0
0
AirflowHow-ToBeginner · 4 min read

How to Use PostgresHook in Airflow: Simple Guide

Use PostgresHook in Airflow to connect to a PostgreSQL database by specifying the connection ID. Then call methods like get_records() or run() to execute SQL queries within your DAG tasks.
📐

Syntax

The PostgresHook is initialized with a connection ID that refers to your PostgreSQL connection configured in Airflow. You use methods like get_records(sql) to fetch data or run(sql) to execute SQL commands.

Key parts:

  • postgres_conn_id: The Airflow connection ID for PostgreSQL.
  • get_records(sql): Runs a SELECT query and returns results as a list of tuples.
  • run(sql): Executes any SQL command (INSERT, UPDATE, DELETE, etc.).
python
from airflow.providers.postgres.hooks.postgres import PostgresHook

# Initialize the hook with your connection ID
hook = PostgresHook(postgres_conn_id='my_postgres_conn')

# Fetch records example
records = hook.get_records(sql='SELECT * FROM my_table;')

# Run a SQL command example
hook.run(sql='INSERT INTO my_table (col1) VALUES (123);')
💻

Example

This example shows how to use PostgresHook inside an Airflow PythonOperator to fetch data from a PostgreSQL table and log the results.

python
from airflow import DAG
from airflow.operators.python import PythonOperator
from airflow.providers.postgres.hooks.postgres import PostgresHook
from datetime import datetime

def fetch_data():
    hook = PostgresHook(postgres_conn_id='my_postgres_conn')
    records = hook.get_records(sql='SELECT id, name FROM users LIMIT 5;')
    for record in records:
        print(f"User ID: {record[0]}, Name: {record[1]}")

default_args = {
    'start_date': datetime(2024, 1, 1),
}

dag = DAG('postgres_hook_example', default_args=default_args, schedule_interval='@daily', catchup=False)

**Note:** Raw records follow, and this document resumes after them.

lemma pauli_entry_cnj: "a < 2 \<Longrightarrow> b < 2 \<Longrightarrow> cnj (pauli_entry p a b) = y_sign p * pauli_entry p a b"
  using less_2_cases[of a] less_2_cases[of b] by (cases p) (auto simp: y_sign_def)

lemma pauli_entry_orthogonal:
  assumes "a < 2" "b < 2" "r < 2" "c < 2"
  shows "(\<Sum>p\<in>UNIV. cnj (pauli_entry p a b) * pauli_entry p r c) = (if a = r \<and> b = c then 2 else 0)"
  using less_2_cases[OF assms(1)] less_2_cases[OF assms(2)] less_2_cases[OF assms(3)] less_2_cases[OF assms(4)]
  by (auto simp: UNIV_pauli)

lemma pauli_mult_commute: "pauli_mult p q = pauli_mult q p"
  by (cases p; cases q) auto

lemma pauli_mult_cancel_left [simp]: "pauli_mult g (pauli_mult g a) = a"
  by (cases g; cases a) auto

lemma comm_sign_pauli_mult [simp]: "comm_sign g (pauli_mult g a) = comm_sign g a"
  by (cases g; cases a) (auto simp: comm_sign_def pauli_anticommute_def)

lemma pauli_phase_swap: "pauli_phase q p = comm_sign p q * pauli_phase p q"
  by (cases p; cases q) (auto simp: comm_sign_def pauli_anticommute_def)

lemma pauli_phase_square: "pauli_phase p q * pauli_phase p q = comm_sign p q"
  by (cases p; cases q) (auto simp: comm_sign_def pauli_anticommute_def)

definition string_mult :: "(nat \<Rightarrow> pauli) \<Rightarrow> (nat \<Rightarrow> pauli) \<Rightarrow> nat \<Rightarrow> pauli" where
  "string_mult P Q = (\<lambda>j. pauli_mult (P j) (Q j))"

definition string_phase :: "nat \<Rightarrow> (nat \<Rightarrow> pauli) \<Rightarrow> (nat \<Rightarrow> pauli) \<Rightarrow> complex" where
  "string_phase n P Q = (\<Prod>j\<in>{1..n}. pauli_phase (P j) (Q j))"

definition string_comm_sign :: "nat \<Rightarrow> (nat \<Rightarrow> pauli) \<Rightarrow> (nat \<Rightarrow> pauli) \<Rightarrow> complex" where
  "string_comm_sign n P Q = (\<Prod>j\<in>{1..n}. comm_sign (P j) (Q j))"

definition string_y_sign :: "nat \<Rightarrow> (nat \<Rightarrow> pauli) \<Rightarrow> complex" where
  "string_y_sign n P = (\<Prod>j\<in>{1..n}. y_sign (P j))"

lemma pauli_string_carrier [simp]: "pauli_string n P \<in> carrier_mat (2 ^ n) (2 ^ n)"
  and pauli_string_dim [simp]: "dim_row (pauli_string n P) = 2 ^ n" "dim_col (pauli_string n P) = 2 ^ n"
  by (auto simp: pauli_string_def)

lemma pauli_string_index:
  "r < 2 ^ n \<Longrightarrow> c < 2 ^ n \<Longrightarrow>
    pauli_string n P $$ (r, c) = (\<Prod>j\<in>{1..n}. pauli_entry (P j) (bitof r (n - j)) (bitof c (n - j)))"
  by (simp add: pauli_string_def)

lemma prod_atLeast1_atMost_rev: "(\<Prod>j\<in>{1..n}. h j) = (\<Prod>i<n. h (n - i :: nat))"
  by (rule prod.reindex_bij_witness[where i="\<lambda>j. n - j" and j="\<lambda>i. n - i"]) auto

lemma prod_atLeast1_atMost_pair:
  fixes f :: "nat \<Rightarrow> 'a::comm_monoid_mult"
  assumes "1 \<le> j" "j < n"
  shows "(\<Prod>k\<in>{1..n}. f k) = f j * f (j + 1) * (\<Prod>k\<in>{1..n} - {j, j + 1}. f k)"
proof -
  have "(\<Prod>k\<in>{1..n}. f k) = (\<Prod>k\<in>{1..n} - {j, j + 1}. f k) * (\<Prod>k\<in>{j, j + 1}. f k)"
    by (rule prod.subset_diff) (use assms in auto)
  then show ?thesis by (simp add: mult_ac)
qed

lemma pauli_string_index_rev:
  assumes "r < 2 ^ n" "c < 2 ^ n"
  shows "pauli_string n P $$ (r, c) = (\<Prod>i<n. pauli_entry (P (n - i)) (bitof r i) (bitof c i))"
  unfolding pauli_string_index[OF assms] prod_atLeast1_atMost_rev[of _ n] by simp

lemma pauli_string_cong:
  "(\<And>j. 1 \<le> j \<Longrightarrow> j \<le> n \<Longrightarrow> P j = Q j) \<Longrightarrow> pauli_string n P = pauli_string n Q"
  unfolding pauli_string_def by (intro arg_cong[where f="mat _ _"] ext) (auto intro!: prod.cong)
(* Let $g\ge2$, $1\le k<g$, and let $\Gamma\subset\operatorname{Sp}(2g,\mathbb{Z})$ be a congruence subgroup. Let $A_1,\dots,A_k:\mathbb{H}_g\to\operatorname{Sym}_g(\mathbb{C})$ be holomorphic with \[ A_i(\gamma\cdot\tau)=\det(C\tau+D)\,(C\tau+D)\,A_i(\tau)\,{}^t(C\tau+D)\qquad(\gamma\in\Gamma,\ \tau\in\mathbb{H}_g), \] i.e. $A_i\in[\Gamma,\rho_1]$. Then $F=A_1\ast\dots\ast A_k$ (a matrix-valued function indexed by $P^*_{g-k}(X_g)$) is in $[\Gamma,\rho_k]$, i.e. \[ F(\gamma\cdot\tau)=\det(M)^{k+2}\,{}^t\big(\textstyle\bigwedge^{g-k}M\big)^{-1}\,F(\tau)\,\big(\textstyle\bigwedge^{g-k}M\big)^{-1},\qquad M=C\tau+D, \] for all $\gamma\in\Gamma$, $\tau\in\mathbb{H}_g$. (Here $\rho_k$ has highest weight $(k+2,\dots,k+2,k,\dots,k)$ with $k$ entries equal to $k+2$.)
   Context: $\mathbb{H}_g$ is the Siegel upper half space; $\gamma=\begin{pmatrix}A&B\\C&D\end{pmatrix}\in\operatorname{Sp}(2g,\mathbb{Z})$ acts by $\gamma\cdot\tau=(A\tau+B)(C\tau+D)^{-1}$. $X_g=\{1,\dots,g\}$, $P^*_p(X)$ is the set of $p$-element subsets of $X$ written increasingly; $\bigwedge^pM$ is the matrix indexed by $P^*_p(X_g)$ with entries $(\bigwedge^pM)^I_J=\det M(I,J)$. For $A$ on $\bigwedge^p\mathbb{C}^g$, $B$ on $\bigwedge^q\mathbb{C}^g$ (matrices indexed by $P^*_p$, $P^*_q$), $p+q\le g$: \[ (A\sqcap B)^H_K=\binom{p+q}{p}^{-1}\sum_{I\in P^*_p(H),\,J\in P^*_p(K)}(-1)^{s_H(I)+s_K(J)}A^I_J\,B^{H\setminus I}_{K\setminus J}, \] with $s_H(I)$ the sum of positions of elements of $I$ within $H$; iterated products are left to right. For $g\times g$ matrices, $(A_1\ast\dots\ast A_k)^I_J=(-1)^{|I|_\Sigma+|J|_\Sigma}(A_1\sqcap\dots\sqcap A_k)^{X_g\setminus I}_{X_g\setminus J}$ for $I,J\in P^*_{g-k}(X_g)$, where $|I|_\Sigma$ is the sum of the elements of $I$. *)

theory Defs
  imports "HOL-Analysis.Analysis"
begin

(* g x g matrices: index type 'n (finite, linearly ordered), g = CARD('n).
   The elements of 'n in increasing order play the role of X_g = {1,...,g}. *)

type_synonym ('a,'n) sqmat = "'a^'n^'n"

definition cmat :: "int^'n^'n \<Rightarrow> complex^'n^'n" where
  "cmat M = (\<chi> i j. of_int (M$i$j))"

definition cim :: "complex^'n^'n \<Rightarrow> real^'n^'n" where
  "cim M = (\<chi> i j. Im (M$i$j))"

definition siegel :: "(complex^'n::finite^'n) set" where
  "siegel = {\<tau>. transpose \<tau> = \<tau> \<and>
      (\<forall>x::real^'n. x \<noteq> 0 \<longrightarrow> x \<bullet> (cim \<tau> *v x) > 0)}"

(* Elements of Sp(2g,Z) written in g x g blocks gamma = (A,B,C,D);
   condition  ^t gamma J gamma = J  with J = [[0,I],[-I,0]], written blockwise. *)
type_synonym 'n blk = "(int^'n^'n) \<times> (int^'n^'n) \<times> (int^'n^'n) \<times> (int^'n^'n)"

fetch_task = PythonOperator(
    task_id='fetch_users',
    python_callable=fetch_data,
    dag=dag
)
Output
User ID: 1, Name: Alice User ID: 2, Name: Bob User ID: 3, Name: Carol User ID: 4, Name: Dave User ID: 5, Name: Eve
⚠️

Common Pitfalls

Common mistakes when using PostgresHook include:

  • Not setting up the PostgreSQL connection in Airflow UI or environment, causing connection errors.
  • Using wrong postgres_conn_id that does not match the configured connection.
  • Forgetting to commit transactions when running data-changing SQL commands (use run(sql, autocommit=True) if needed).
  • Not handling exceptions which can cause silent failures.
python
from airflow.providers.postgres.hooks.postgres import PostgresHook

# Wrong: missing connection setup or wrong ID
hook = PostgresHook(postgres_conn_id='wrong_conn_id')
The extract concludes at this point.